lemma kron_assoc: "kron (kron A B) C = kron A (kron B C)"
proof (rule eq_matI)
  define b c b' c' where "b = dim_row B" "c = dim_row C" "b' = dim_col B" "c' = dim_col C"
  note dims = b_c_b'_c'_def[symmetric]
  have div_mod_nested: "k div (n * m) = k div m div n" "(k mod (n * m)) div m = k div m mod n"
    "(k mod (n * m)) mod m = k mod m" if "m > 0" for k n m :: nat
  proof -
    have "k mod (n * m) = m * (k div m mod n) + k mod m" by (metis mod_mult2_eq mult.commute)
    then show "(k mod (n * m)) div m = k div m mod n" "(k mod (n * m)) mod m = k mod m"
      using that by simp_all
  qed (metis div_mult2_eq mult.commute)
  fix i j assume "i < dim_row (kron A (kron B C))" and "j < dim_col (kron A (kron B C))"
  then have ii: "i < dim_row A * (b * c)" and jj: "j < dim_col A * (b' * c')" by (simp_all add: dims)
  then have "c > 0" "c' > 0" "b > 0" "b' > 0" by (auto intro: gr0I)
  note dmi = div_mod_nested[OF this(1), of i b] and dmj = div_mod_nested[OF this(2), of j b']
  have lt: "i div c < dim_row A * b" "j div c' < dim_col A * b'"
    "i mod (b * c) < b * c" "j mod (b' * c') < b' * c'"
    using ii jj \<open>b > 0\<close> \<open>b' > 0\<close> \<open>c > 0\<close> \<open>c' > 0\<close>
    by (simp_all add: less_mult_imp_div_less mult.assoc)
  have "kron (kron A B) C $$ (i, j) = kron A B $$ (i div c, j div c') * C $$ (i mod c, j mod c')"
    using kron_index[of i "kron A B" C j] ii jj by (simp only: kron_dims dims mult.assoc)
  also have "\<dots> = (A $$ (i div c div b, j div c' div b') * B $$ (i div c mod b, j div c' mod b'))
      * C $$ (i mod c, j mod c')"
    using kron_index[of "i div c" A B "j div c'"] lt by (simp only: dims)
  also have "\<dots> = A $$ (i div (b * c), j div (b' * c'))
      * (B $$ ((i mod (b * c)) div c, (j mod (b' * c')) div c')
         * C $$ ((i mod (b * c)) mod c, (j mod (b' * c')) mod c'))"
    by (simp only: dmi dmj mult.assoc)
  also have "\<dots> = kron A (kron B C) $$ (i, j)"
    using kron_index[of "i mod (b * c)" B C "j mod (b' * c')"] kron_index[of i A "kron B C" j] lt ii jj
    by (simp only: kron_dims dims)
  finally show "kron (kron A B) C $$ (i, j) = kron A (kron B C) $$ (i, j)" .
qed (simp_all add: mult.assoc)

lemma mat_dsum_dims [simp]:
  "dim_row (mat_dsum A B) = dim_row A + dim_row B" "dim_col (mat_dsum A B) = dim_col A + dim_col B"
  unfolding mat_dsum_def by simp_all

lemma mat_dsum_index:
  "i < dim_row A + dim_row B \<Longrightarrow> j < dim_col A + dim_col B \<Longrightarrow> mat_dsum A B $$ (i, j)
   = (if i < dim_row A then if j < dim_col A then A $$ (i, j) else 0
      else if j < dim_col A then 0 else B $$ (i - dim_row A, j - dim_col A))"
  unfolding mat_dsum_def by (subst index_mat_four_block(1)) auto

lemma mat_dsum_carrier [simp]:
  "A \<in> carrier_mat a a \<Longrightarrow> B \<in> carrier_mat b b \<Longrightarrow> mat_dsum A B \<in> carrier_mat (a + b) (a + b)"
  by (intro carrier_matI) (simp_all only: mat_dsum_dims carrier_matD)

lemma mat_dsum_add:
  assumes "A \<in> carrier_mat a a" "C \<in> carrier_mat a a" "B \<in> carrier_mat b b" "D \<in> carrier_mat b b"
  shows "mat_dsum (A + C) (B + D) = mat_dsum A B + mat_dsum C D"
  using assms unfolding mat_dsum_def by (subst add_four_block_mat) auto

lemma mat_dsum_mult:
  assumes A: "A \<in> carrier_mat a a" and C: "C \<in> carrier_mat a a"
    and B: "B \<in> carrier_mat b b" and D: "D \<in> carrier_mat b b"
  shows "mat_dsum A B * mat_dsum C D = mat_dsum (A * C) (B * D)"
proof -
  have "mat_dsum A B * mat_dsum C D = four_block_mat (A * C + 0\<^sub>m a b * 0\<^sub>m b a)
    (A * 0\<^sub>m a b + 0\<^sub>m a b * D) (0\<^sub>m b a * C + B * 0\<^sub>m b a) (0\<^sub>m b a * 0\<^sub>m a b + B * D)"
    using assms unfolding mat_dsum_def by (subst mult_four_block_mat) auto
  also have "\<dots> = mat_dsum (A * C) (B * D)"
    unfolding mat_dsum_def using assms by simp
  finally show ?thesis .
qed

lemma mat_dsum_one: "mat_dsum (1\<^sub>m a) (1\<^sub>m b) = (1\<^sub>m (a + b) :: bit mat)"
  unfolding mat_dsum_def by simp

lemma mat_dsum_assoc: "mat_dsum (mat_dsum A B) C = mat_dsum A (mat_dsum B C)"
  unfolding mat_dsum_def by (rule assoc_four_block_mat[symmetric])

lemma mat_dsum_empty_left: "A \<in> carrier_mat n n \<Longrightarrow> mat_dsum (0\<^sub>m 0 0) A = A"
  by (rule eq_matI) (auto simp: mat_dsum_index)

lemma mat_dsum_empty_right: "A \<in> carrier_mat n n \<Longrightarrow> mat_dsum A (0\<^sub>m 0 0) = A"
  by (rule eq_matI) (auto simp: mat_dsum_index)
---
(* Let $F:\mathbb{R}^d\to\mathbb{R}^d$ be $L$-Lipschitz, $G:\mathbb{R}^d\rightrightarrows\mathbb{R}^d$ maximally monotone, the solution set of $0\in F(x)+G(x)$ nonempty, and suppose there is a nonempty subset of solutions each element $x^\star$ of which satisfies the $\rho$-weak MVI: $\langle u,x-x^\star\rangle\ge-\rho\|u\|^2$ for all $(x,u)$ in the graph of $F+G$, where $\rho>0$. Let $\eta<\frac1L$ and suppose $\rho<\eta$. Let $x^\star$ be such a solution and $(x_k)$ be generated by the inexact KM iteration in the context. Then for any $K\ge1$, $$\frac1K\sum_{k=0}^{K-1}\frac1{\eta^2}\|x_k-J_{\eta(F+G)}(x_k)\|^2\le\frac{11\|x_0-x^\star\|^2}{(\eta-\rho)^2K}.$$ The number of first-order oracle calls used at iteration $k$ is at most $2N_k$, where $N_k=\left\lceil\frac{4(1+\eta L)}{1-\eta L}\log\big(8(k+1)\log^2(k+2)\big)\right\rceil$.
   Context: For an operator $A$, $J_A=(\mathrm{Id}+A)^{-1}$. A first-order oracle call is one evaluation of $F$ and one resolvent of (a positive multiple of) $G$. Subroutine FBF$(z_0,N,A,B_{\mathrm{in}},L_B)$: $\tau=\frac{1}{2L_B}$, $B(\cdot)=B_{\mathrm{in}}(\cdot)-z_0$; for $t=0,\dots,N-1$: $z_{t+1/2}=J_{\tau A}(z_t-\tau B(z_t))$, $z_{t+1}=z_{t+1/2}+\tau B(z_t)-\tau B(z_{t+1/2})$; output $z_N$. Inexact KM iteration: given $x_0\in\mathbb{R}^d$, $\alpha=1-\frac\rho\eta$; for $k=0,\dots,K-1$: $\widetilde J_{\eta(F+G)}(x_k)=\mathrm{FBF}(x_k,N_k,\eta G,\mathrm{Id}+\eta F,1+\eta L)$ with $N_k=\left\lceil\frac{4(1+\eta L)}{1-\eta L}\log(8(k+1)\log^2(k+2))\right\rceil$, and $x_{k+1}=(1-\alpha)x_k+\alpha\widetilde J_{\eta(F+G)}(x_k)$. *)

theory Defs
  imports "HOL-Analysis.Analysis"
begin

__WHAT THE TASK ASKS__. One stretch of the lines above is wanted, from the line that contains "k n m :: nat" through the line that contains "mod (b * c) <". Output it exactly.

__ANSWER TO THIS EXERCISE__.
    "(k mod (n * m)) mod m = k mod m" if "m > 0" for k n m :: nat
  proof -
    have "k mod (n * m) = m * (k div m mod n) + k mod m" by (metis mod_mult2_eq mult.commute)
    then show "(k mod (n * m)) div m = k div m mod n" "(k mod (n * m)) mod m = k mod m"
      using that by simp_all
  qed (metis div_mult2_eq mult.commute)
  fix i j assume "i < dim_row (kron A (kron B C))" and "j < dim_col (kron A (kron B C))"
  then have ii: "i < dim_row A * (b * c)" and jj: "j < dim_col A * (b' * c')" by (simp_all add: dims)
  then have "c > 0" "c' > 0" "b > 0" "b' > 0" by (auto intro: gr0I)
  note dmi = div_mod_nested[OF this(1), of i b] and dmj = div_mod_nested[OF this(2), of j b']
  have lt: "i div c < dim_row A * b" "j div c' < dim_col A * b'"
    "i mod (b * c) < b * c" "j mod (b' * c') < b' * c'"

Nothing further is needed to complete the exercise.